YOUR TASK:
Give back exactly the lines from the start of the listing to the line containing "orthonormal basis): B_0", inclusive, and nothing beyond them.

DATASET RECORDS:
↓
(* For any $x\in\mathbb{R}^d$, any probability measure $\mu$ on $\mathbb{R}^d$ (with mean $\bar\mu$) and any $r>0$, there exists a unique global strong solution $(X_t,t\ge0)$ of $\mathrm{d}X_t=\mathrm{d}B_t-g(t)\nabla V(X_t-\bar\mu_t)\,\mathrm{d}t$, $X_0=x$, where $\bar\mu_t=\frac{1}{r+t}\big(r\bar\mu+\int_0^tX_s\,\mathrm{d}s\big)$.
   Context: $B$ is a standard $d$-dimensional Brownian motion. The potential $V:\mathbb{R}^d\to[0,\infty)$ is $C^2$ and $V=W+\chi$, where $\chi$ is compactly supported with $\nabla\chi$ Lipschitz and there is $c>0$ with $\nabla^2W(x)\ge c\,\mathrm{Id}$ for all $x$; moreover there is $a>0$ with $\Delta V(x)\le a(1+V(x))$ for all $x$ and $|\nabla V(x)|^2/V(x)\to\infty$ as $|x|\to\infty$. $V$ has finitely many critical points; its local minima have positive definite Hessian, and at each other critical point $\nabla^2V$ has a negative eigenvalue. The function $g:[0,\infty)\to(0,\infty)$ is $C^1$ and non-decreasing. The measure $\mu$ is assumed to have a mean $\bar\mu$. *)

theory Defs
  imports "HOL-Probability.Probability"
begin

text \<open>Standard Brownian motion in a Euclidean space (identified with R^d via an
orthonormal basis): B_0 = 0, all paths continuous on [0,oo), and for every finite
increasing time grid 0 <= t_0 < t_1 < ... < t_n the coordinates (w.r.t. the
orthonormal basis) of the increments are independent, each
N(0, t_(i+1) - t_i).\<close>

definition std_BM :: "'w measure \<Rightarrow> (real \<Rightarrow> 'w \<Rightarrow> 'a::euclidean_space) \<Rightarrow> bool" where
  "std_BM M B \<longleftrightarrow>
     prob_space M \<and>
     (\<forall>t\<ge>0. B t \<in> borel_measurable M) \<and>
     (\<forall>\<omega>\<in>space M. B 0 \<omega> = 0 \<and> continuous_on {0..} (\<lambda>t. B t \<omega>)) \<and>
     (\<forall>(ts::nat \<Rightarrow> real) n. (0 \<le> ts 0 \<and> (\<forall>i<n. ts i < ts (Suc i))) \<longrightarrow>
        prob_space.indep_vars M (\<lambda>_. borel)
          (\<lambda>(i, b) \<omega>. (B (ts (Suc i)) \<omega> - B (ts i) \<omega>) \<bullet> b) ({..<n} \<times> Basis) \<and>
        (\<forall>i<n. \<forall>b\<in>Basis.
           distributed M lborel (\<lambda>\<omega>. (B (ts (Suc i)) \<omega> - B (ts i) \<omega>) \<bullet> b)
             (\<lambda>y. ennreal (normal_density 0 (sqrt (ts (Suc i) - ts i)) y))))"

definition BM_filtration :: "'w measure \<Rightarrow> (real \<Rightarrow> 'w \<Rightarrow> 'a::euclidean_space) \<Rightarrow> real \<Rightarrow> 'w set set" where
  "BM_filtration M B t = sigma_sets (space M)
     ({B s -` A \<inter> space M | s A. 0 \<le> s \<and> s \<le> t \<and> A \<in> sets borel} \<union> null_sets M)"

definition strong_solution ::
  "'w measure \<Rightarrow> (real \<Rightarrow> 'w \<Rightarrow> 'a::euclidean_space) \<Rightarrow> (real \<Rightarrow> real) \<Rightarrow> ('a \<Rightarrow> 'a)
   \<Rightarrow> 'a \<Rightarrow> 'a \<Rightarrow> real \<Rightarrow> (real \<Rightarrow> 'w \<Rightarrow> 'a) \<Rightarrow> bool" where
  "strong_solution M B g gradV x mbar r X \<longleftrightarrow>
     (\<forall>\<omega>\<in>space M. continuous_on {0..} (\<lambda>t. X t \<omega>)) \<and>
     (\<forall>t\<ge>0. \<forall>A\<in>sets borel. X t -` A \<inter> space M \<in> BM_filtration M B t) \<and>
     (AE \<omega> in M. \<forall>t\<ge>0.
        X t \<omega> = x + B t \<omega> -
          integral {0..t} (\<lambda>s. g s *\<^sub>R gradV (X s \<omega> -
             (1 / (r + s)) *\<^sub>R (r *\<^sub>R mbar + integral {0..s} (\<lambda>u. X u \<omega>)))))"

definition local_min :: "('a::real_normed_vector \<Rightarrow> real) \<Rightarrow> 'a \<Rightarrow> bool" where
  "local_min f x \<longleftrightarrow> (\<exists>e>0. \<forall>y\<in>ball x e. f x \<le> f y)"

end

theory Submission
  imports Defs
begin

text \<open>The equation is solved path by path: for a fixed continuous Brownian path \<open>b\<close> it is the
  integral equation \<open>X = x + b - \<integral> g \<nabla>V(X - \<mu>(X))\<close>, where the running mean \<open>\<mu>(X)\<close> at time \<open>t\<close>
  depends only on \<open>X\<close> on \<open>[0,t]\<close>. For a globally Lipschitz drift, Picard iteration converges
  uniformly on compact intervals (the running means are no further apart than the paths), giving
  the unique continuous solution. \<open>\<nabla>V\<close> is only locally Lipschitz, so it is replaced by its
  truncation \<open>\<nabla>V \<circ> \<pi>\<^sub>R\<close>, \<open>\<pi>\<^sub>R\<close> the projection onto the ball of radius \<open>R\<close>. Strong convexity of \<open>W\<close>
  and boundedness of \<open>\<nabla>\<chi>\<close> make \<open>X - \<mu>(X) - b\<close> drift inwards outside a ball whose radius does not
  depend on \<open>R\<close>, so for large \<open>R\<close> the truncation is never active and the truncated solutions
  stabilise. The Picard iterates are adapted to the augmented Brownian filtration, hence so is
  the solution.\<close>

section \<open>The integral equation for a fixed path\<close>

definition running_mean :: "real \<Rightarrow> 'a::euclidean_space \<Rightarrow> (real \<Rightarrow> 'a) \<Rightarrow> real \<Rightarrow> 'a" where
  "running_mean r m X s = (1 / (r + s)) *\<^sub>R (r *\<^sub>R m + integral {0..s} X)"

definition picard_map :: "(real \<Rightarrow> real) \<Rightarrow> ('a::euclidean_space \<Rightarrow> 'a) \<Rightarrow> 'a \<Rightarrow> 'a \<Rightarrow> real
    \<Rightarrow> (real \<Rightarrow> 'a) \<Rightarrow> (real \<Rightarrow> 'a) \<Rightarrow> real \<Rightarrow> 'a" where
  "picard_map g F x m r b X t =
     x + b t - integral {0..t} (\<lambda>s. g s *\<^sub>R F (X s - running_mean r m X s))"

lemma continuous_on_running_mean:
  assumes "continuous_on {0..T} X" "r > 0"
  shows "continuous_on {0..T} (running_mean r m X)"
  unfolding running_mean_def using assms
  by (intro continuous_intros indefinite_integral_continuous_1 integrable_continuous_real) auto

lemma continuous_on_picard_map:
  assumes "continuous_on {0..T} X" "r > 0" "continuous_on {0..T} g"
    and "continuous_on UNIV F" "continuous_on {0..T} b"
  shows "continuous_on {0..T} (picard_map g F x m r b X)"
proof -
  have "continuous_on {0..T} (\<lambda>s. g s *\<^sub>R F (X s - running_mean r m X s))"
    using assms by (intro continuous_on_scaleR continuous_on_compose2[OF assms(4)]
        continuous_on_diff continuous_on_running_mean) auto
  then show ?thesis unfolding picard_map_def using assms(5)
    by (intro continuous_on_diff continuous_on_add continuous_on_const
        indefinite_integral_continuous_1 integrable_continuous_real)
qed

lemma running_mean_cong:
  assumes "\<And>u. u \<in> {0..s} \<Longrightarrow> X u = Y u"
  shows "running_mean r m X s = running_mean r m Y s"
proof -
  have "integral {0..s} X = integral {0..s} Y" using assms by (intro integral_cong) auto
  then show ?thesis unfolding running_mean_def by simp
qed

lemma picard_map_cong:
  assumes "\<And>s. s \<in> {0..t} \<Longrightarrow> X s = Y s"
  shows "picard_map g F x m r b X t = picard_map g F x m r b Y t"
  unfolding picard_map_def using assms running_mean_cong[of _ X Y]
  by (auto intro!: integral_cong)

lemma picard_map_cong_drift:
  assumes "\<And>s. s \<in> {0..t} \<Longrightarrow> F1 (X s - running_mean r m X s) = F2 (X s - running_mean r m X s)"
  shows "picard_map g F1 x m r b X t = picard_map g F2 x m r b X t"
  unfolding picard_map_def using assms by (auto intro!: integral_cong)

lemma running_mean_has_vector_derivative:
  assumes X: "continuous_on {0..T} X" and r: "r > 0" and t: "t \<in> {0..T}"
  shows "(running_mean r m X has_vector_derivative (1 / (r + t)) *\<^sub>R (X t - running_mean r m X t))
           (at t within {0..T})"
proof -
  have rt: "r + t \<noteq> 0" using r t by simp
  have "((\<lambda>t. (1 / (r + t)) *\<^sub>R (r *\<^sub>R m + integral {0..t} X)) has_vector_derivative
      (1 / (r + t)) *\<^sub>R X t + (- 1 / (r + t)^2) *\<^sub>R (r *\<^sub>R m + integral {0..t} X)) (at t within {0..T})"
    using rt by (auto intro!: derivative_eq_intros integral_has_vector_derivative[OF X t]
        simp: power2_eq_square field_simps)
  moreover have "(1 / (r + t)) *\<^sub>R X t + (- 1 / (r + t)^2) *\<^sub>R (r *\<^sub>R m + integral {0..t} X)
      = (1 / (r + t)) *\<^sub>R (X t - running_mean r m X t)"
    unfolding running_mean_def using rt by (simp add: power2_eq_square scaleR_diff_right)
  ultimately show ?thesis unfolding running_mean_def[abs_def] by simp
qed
↑
EXPECTED OUTPUT:
(* For any $x\in\mathbb{R}^d$, any probability measure $\mu$ on $\mathbb{R}^d$ (with mean $\bar\mu$) and any $r>0$, there exists a unique global strong solution $(X_t,t\ge0)$ of $\mathrm{d}X_t=\mathrm{d}B_t-g(t)\nabla V(X_t-\bar\mu_t)\,\mathrm{d}t$, $X_0=x$, where $\bar\mu_t=\frac{1}{r+t}\big(r\bar\mu+\int_0^tX_s\,\mathrm{d}s\big)$.
   Context: $B$ is a standard $d$-dimensional Brownian motion. The potential $V:\mathbb{R}^d\to[0,\infty)$ is $C^2$ and $V=W+\chi$, where $\chi$ is compactly supported with $\nabla\chi$ Lipschitz and there is $c>0$ with $\nabla^2W(x)\ge c\,\mathrm{Id}$ for all $x$; moreover there is $a>0$ with $\Delta V(x)\le a(1+V(x))$ for all $x$ and $|\nabla V(x)|^2/V(x)\to\infty$ as $|x|\to\infty$. $V$ has finitely many critical points; its local minima have positive definite Hessian, and at each other critical point $\nabla^2V$ has a negative eigenvalue. The function $g:[0,\infty)\to(0,\infty)$ is $C^1$ and non-decreasing. The measure $\mu$ is assumed to have a mean $\bar\mu$. *)

theory Defs
  imports "HOL-Probability.Probability"
begin

text \<open>Standard Brownian motion in a Euclidean space (identified with R^d via an
orthonormal basis): B_0 = 0, all paths continuous on [0,oo), and for every finite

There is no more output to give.